═══ The records

lemma u_tendsto_equilibrium: "(u \<longlongrightarrow> equilibrium) at_top"
proof -
  define C where "C = real N * (\<Sum>j=1..N. weight j) / a N"
  have "weight N \<le> (\<Sum>j=1..N. weight j)"
    using N weight_pos by (intro member_le_sum) (auto intro: less_imp_le)
  then have "C > 0"
    using N a_N_pos weight_pos[of N] by (simp add: C_def)
  have decay: "lyapunov t \<le> lyapunov 0 * exp (- t / C)" if "t \<ge> 0" for t
  proof (rule exp_decay_of_differential_inequality[OF lyapunov_has_real_derivative _ \<open>C > 0\<close> that])
    fix x :: real assume "x \<ge> 0"
    then have "lyapunov x \<le> C * dissipation x"
      using lyapunov_le_dissipation by (simp add: C_def)
    then have "lyapunov x / C \<le> dissipation x"
      using \<open>C > 0\<close> by (simp add: pos_divide_le_eq mult.commute)
    then show "lyapunov_rate x \<le> - lyapunov x / C"
      using lyapunov_rate_le[of x] by linarith
  qed
  have bound: "(u t - equilibrium)^2 \<le> lyapunov 0 * exp (- t / C)" if "t \<ge> 0" for t
  proof -
    have "(\<Sum>j=1..N. weight j * (dev t j)^2) \<ge> 0"
      using weight_pos by (intro sum_nonneg mult_nonneg_nonneg) (auto intro: less_imp_le)
    then show ?thesis
      using decay[OF that] by (simp add: lyapunov_def dev_def)
  qed
  have "((\<lambda>t. exp (- t / C)) \<longlongrightarrow> 0) at_top"
    using \<open>C > 0\<close> by real_asymp
  then have "((\<lambda>t. lyapunov 0 * exp (- t / C)) \<longlongrightarrow> 0) at_top"
    using tendsto_mult_left[of _ 0 at_top "lyapunov 0"] by simp
  moreover have "\<forall>\<^sub>F t in at_top. norm ((u t - equilibrium)^2) \<le> lyapunov 0 * exp (- t / C)"
    using eventually_ge_at_top[of 0] by eventually_elim (auto dest: bound)
  ultimately have "((\<lambda>t. (u t - equilibrium)^2) \<longlongrightarrow> 0) at_top"
    by (rule Lim_null_comparison[rotated])
  then have "((\<lambda>t. sqrt ((u t - equilibrium)^2)) \<longlongrightarrow> sqrt 0) at_top"
    by (rule tendsto_real_sqrt)
  then have "((\<lambda>t. u t - equilibrium) \<longlongrightarrow> 0) at_top"
    by (simp add: tendsto_rabs_zero_iff)
  then show ?thesis
    by (rule LIM_zero_cancel)
qed

end

lemma (in linear_chain) u_eq_u0_if_inactive:
  assumes inactive: "\<And>j. j \<in> {1..N} \<Longrightarrow> a j = 0" and "t \<ge> 0"
  shows "u t = u0"
proof -
  have "(u has_real_derivative 0) (at x within {0..})" if "x \<in> {0..}" for x
  proof -
    have "v 1 x = 0"
      by (rule v_eq_0_beyond_last_active[where J = 0]) (use N inactive that in auto)
    then show ?thesis
      using u_ode[of x] inactive that by simp
  qed
  then obtain k where "\<forall>x\<in>{0..}. u x = k"
    using has_field_derivative_zero_constant[OF convex_real_interval(1)] by blast
  then show ?thesis
    using u_init \<open>t \<ge> 0\<close> by auto
qed

lemma (in linear_chain) u_tendsto_stationary:
  "(u \<longlongrightarrow> u0 / (1 + (\<Sum>i=1..N. (1 / b i) * (\<Sum>j=i..N. a j)))) at_top"
proof (cases "\<exists>j\<in>{1..N}. a j > 0")
  case False
  have inactive: "a j = 0" if "j \<in> {1..N}" for j
  proof -
    have "\<not> a j > 0" using False that by blast
    then show ?thesis using a_nonneg[OF that] by simp
  qed
  have "\<forall>\<^sub>F t in at_top. u0 = u t"
    using eventually_ge_at_top[of "0::real"]
    by eventually_elim (rule u_eq_u0_if_inactive[OF inactive, symmetric])
  then have "(u \<longlongrightarrow> u0) at_top"
    by (rule Lim_transform_eventually[OF tendsto_const])
  then show ?thesis
    using inactive by simp
next
  case True
  obtain J where J: "J \<in> {1..N}" "a J > 0"
    and inactive: "\<And>j. J < j \<Longrightarrow> j \<le> N \<Longrightarrow> a j = 0"
    using last_positive_index[OF True a_nonneg] by blast
  have "linear_chain_active_end J a b u0 u v"
    using linear_chain_truncate[OF J(1) inactive] J(2)
    by (simp add: linear_chain_active_end_def linear_chain_active_end_axioms_def)
  then interpret T: linear_chain_active_end J a b u0 u v .
  have tail: "(\<Sum>j=i..N. a j) = T.tail i" for i
    unfolding T.tail_def by (rule sum.mono_neutral_right) (use J inactive in auto)
  have "(\<Sum>i=1..N. (1 / b i) * (\<Sum>j=i..N. a j)) = (\<Sum>i=1..J. (1 / b i) * (\<Sum>j=i..N. a j))"
  proof (rule sum.mono_neutral_right)
    show "\<forall>i\<in>{1..N} - {1..J}. 1 / b i * (\<Sum>j=i..N. a j) = 0"
      by (auto simp: tail T.tail_def)
  qed (use J in auto)
  also have "\<dots> = (\<Sum>i=1..J. T.weight i)"
    by (simp add: tail T.weight_def)
  finally show ?thesis
    using T.u_tendsto_equilibrium by (simp add: T.equilibrium_def)
qed

theorem theorem3p1:
  fixes N :: nat and a b :: "nat \<Rightarrow> real" and u0 :: real
    and u :: "real \<Rightarrow> real" and v :: "nat \<Rightarrow> real \<Rightarrow> real"
  assumes N: "N \<ge> 1"
    and a_nonneg: "\<And>j. j \<in> {1..N} \<Longrightarrow> a j \<ge> 0"
    and b_pos: "\<And>j. j \<in> {1..N} \<Longrightarrow> b j > 0"
    and b_distinct: "inj_on b {1..N}"
    and u_ode: "\<And>t. t \<ge> 0 \<Longrightarrow>
       (u has_real_derivative (- (\<Sum>j=1..N. a j) * u t + b 1 * v 1 t)) (at t within {0..})"
    and v_ode: "\<And>j t. j \<in> {1..<N} \<Longrightarrow> t \<ge> 0 \<Longrightarrow>
       (v j has_real_derivative (a j * u t - b j * v j t + b (j+1) * v (j+1) t)) (at t within {0..})"
    and vN_ode: "\<And>t. t \<ge> 0 \<Longrightarrow>
       (v N has_real_derivative (a N * u t - b N * v N t)) (at t within {0..})"
    and u_init: "u 0 = u0"
    and v_init: "\<And>j. j \<in> {1..N} \<Longrightarrow> v j 0 = 0"
  shows "(\<forall>t\<ge>0. (u has_real_derivative
              (- (\<Sum>j=1..N. a j) * u t + integral {0..t} (\<lambda>s. Kmem N a b (t - s) * u s)))
              (at t within {0..}))
       \<and> u 0 = u0
       \<and> (\<lambda>t. exp (- 0 * t) * Kmem N a b t) integrable_on {0..}
       \<and> (\<Sum>j=1..N. a j) = laplace (Kmem N a b) 0
       \<and> (\<forall>j\<in>{1..N}. \<forall>t\<ge>0. Kj b j t \<ge> 0)
       \<and> (\<forall>t\<ge>0. Kmem N a b t \<ge> 0)
       \<and> (u \<longlongrightarrow> u0 / (1 + (\<Sum>i=1..N. (1 / b i) * (\<Sum>j=i..N. a j)))) at_top"
proof -
  interpret linear_chain N a b u0 u v
    by (rule linear_chain.intro[OF assms])
  have K_integral: "(Kmem N a b has_integral (\<Sum>j=1..N. a j)) {0..}"
    using b_distinct b_pos by (intro Kmem_has_integral) auto
  have Kj_nonneg_all: "\<forall>j\<in>{1..N}. \<forall>t\<ge>0. Kj b j t \<ge> 0"
    using b_pos by (auto intro!: Kj_nonneg b_inj_on intro: less_imp_le)
  then have "\<forall>t\<ge>0. Kmem N a b t \<ge> 0"
    using a_nonneg by (auto simp: Kmem_def intro!: sum_nonneg)
  moreover have "\<forall>t\<ge>0. (u has_real_derivative
      - (\<Sum>j=1..N. a j) * u t + integral {0..t} (\<lambda>s. Kmem N a b (t - s) * u s)) (at t within {0..})"
    using u_ode memory_integral_eq by simp
  ultimately show ?thesis
    using K_integral Kj_nonneg_all u_init u_tendsto_stationary
    by (auto simp: laplace_def integral_unique)
qed

end
lemma expected_iterate_step:
  assumes "n < N"
  shows "(\<integral>\<^sup>+ x. ennreal (gap (iterate (Suc n) x)) \<partial>samples)
           + (\<integral>\<^sup>+ x. ennreal (\<gamma> / 4 * (norm (grad_mapping (iterate n x)))\<^sup>2) \<partial>samples)
         \<le> (\<integral>\<^sup>+ x. ennreal (gap (iterate n x)) \<partial>samples) + ennreal (3 * \<gamma> / 2 * (\<sigma>\<^sup>2 / real M))"
proof -
  define K where "K = {1..N} \<times> {1..M}"
  define B where "B = {Suc n} \<times> {1..M}"
  define A where "A = K - B"
  define c where "c = ennreal (3 * \<gamma> / 2 * (\<sigma>\<^sup>2 / real M))"
  have K: "K = A \<union> B" "A \<inter> B = {}" "finite A" "finite B"
    using \<open>n < N\<close> unfolding A_def B_def K_def by auto
  interpret PS: product_sigma_finite "\<lambda>_::nat \<times> nat. D"
    using D_prob unfolding product_sigma_finite_def by (simp add: prob_space_imp_sigma_finite)
  have samples_AB: "samples = PiM (A \<union> B) (\<lambda>_. D)" unfolding samples_def K(1)[symmetric] K_def ..
  have [measurable]: "(\<lambda>x. gap (iterate n x)) \<in> borel_measurable samples"
    "(\<lambda>x. gap (iterate (Suc n) x)) \<in> borel_measurable samples"
    "(\<lambda>x. grad_mapping (iterate n x)) \<in> borel_measurable samples"
    using \<open>n < N\<close> measurable_gap_iterate measurable_grad_mapping_iterate by simp_all
  text \<open>Split the samples into those of step \<open>Suc n\<close> and the others, on which the current iterate depends.\<close>
  have iterate_merge: "iterate n (merge A B (a, b)) = iterate n a" for a b
    unfolding iterate_def
  proof (rule mbspa_cong)
    fix m j assume "m < n" "j \<in> {1..M}"
    then have "(Suc m, j) \<in> A" using \<open>n < N\<close> unfolding A_def B_def K_def by auto
    then show "merge A B (a, b) (Suc m, j) = a (Suc m, j)" by (simp add: merge_def)
  qed
  have iterate_Suc_merge: "iterate (Suc n) (merge A B (a, b))
      = prox \<gamma> h (iterate n a - \<gamma> *\<^sub>R ((1 / real M) *\<^sub>R (\<Sum>i\<in>B. G (iterate n a) (b i))
                                      + (1 / lam) *\<^sub>R (iterate n a - \<zeta> lam (iterate n a))))" for a b
  proof -
    have "(\<Sum>j = 1..M. G (iterate n a) (merge A B (a, b) (Suc n, j))) = (\<Sum>j = 1..M. G (iterate n a) (b (Suc n, j)))"
      by (intro sum.cong) (auto simp: merge_def A_def B_def)
    also have "\<dots> = (\<Sum>i\<in>B. G (iterate n a) (b i))"
      unfolding B_def by (subst sum.reindex[symmetric, of "\<lambda>j. (Suc n, j)", unfolded comp_def])
        (auto simp: inj_on_def intro!: sum.cong)
    finally show ?thesis using iterate_merge[of a b] by (simp add: iterate_def Let_def)
  qed
  have "(\<integral>\<^sup>+ x. ennreal (gap (iterate (Suc n) x)) \<partial>samples)
           + (\<integral>\<^sup>+ x. ennreal (\<gamma> / 4 * (norm (grad_mapping (iterate n x)))\<^sup>2) \<partial>samples)
      = (\<integral>\<^sup>+ x. ennreal (gap (iterate (Suc n) x)) + ennreal (\<gamma> / 4 * (norm (grad_mapping (iterate n x)))\<^sup>2) \<partial>samples)"
    by (intro nn_integral_add[symmetric]) auto
  also have "\<dots> = (\<integral>\<^sup>+ a. (\<integral>\<^sup>+ b. ennreal (gap (iterate (Suc n) (merge A B (a, b))))
                     + ennreal (\<gamma> / 4 * (norm (grad_mapping (iterate n (merge A B (a, b)))))\<^sup>2) \<partial>PiM B (\<lambda>_. D)) \<partial>PiM A (\<lambda>_. D))"
    unfolding samples_AB by (rule PS.product_nn_integral_fold[OF K(2-4)]) (simp flip: samples_AB)
  also have "\<dots> \<le> (\<integral>\<^sup>+ a. ennreal (gap (iterate n a)) + c \<partial>PiM A (\<lambda>_. D))"
  proof (intro nn_integral_mono)
    fix a
    obtain v where "h (iterate n a) = ereal v" by (rule iterate_finite)
    then show "(\<integral>\<^sup>+ b. ennreal (gap (iterate (Suc n) (merge A B (a, b))))
                + ennreal (\<gamma> / 4 * (norm (grad_mapping (iterate n (merge A B (a, b)))))\<^sup>2) \<partial>PiM B (\<lambda>_. D))
          \<le> ennreal (gap (iterate n a)) + c"
      unfolding iterate_Suc_merge iterate_merge c_def
      by (rule expected_minibatch_step[rotated 2]) (auto simp: B_def card_cartesian_product)
  qed
  also have "\<dots> = (\<integral>\<^sup>+ a. (\<integral>\<^sup>+ b. ennreal (gap (iterate n (merge A B (a, b)))) + c \<partial>PiM B (\<lambda>_. D)) \<partial>PiM A (\<lambda>_. D))"
    using D_prob by (simp add: iterate_merge prob_space.emeasure_space_1 prob_space_PiM)
  also have "\<dots> = (\<integral>\<^sup>+ x. ennreal (gap (iterate n x)) + c \<partial>samples)"
    unfolding samples_AB by (rule PS.product_nn_integral_fold[OF K(2-4), symmetric]) (simp flip: samples_AB)
  also have "\<dots> = (\<integral>\<^sup>+ x. ennreal (gap (iterate n x)) \<partial>samples) + c"
    using prob_space_samples by (subst nn_integral_add) (auto simp: prob_space.emeasure_space_1)
  finally show ?thesis unfolding c_def .
qed
(* A monic polynomial without zeros in {R <= |w|} is bounded below there by m |w|^deg:
   compactness on an annulus, comparison with the leading term outside it. *)
lemma monic_zero_free_lower_bound:
  fixes P :: "complex poly"
  assumes P: "lead_coeff P = 1" and R: "0 < R" and nz: "\<And>\<omega>. R \<le> norm \<omega> \<Longrightarrow> poly P \<omega> \<noteq> 0"
  shows "\<exists>m>0. \<forall>\<omega>. R \<le> norm \<omega> \<longrightarrow> m * norm \<omega> ^ degree P \<le> norm (poly P \<omega>)"
proof -
  obtain R0 where big: "\<And>x. R0 \<le> norm x \<Longrightarrow> norm x ^ degree P / 2 \<le> norm (poly P x)"
    using monic_poly_comparable[OF P] by blast
  define Ann where "Ann = cball (0::complex) (max R R0) - ball 0 R"
  define h where "h \<omega> = norm (poly P \<omega>) / norm \<omega> ^ degree P" for \<omega>
  have "compact Ann" unfolding Ann_def by (intro compact_diff compact_cball open_ball)
  moreover have "complex_of_real R \<in> Ann" using R by (auto simp: Ann_def)
  moreover have "continuous_on Ann h"
    unfolding h_def using R by (intro continuous_intros) (auto simp: Ann_def)
  ultimately obtain \<omega>m where \<omega>m: "\<omega>m \<in> Ann" "\<And>\<omega>. \<omega> \<in> Ann \<Longrightarrow> h \<omega>m \<le> h \<omega>"
    by (metis continuous_attains_inf empty_iff)
  have "R \<le> norm \<omega>m" using \<omega>m(1) by (auto simp: Ann_def)
  moreover from this have "0 < norm \<omega>m" using R by linarith
  ultimately have hpos: "0 < h \<omega>m" using nz unfolding h_def by (intro divide_pos_pos) auto
  define m where "m = min (1 / 2) (h \<omega>m)"
  have "m * norm \<omega> ^ degree P \<le> norm (poly P \<omega>)" if \<omega>: "R \<le> norm \<omega>" for \<omega>
  proof (cases "norm \<omega> \<le> max R R0")
    case True
    then have "\<omega> \<in> Ann" using \<omega> by (auto simp: Ann_def)
    then have "m \<le> h \<omega>" using \<omega>m(2)[of \<omega>] by (simp add: m_def)
    moreover have "0 < norm \<omega> ^ degree P" using \<omega> R by (intro zero_less_power) linarith
    ultimately show ?thesis by (simp add: h_def pos_le_divide_eq)
  next
    case False
    then have "norm \<omega> ^ degree P / 2 \<le> norm (poly P \<omega>)" using big by simp
    moreover have "m * norm \<omega> ^ degree P \<le> 1 / 2 * norm \<omega> ^ degree P"
      by (intro mult_right_mono) (auto simp: m_def)
    ultimately show ?thesis by simp
  qed
  then show ?thesis using hpos by (intro exI[of _ m]) (auto simp: m_def)
qed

══════

[Work required]: Please output exactly the lines between the one holding "C * dissipation" and the one holding "using weight_pos by" in the records above, inclusive, and nothing more.

[Answer]:
    then have "lyapunov x \<le> C * dissipation x"
      using lyapunov_le_dissipation by (simp add: C_def)
    then have "lyapunov x / C \<le> dissipation x"
      using \<open>C > 0\<close> by (simp add: pos_divide_le_eq mult.commute)
    then show "lyapunov_rate x \<le> - lyapunov x / C"
      using lyapunov_rate_le[of x] by linarith
  qed
  have bound: "(u t - equilibrium)^2 \<le> lyapunov 0 * exp (- t / C)" if "t \<ge> 0" for t
  proof -
    have "(\<Sum>j=1..N. weight j * (dev t j)^2) \<ge> 0"
      using weight_pos by (intro sum_nonneg mult_nonneg_nonneg) (auto intro: less_imp_le)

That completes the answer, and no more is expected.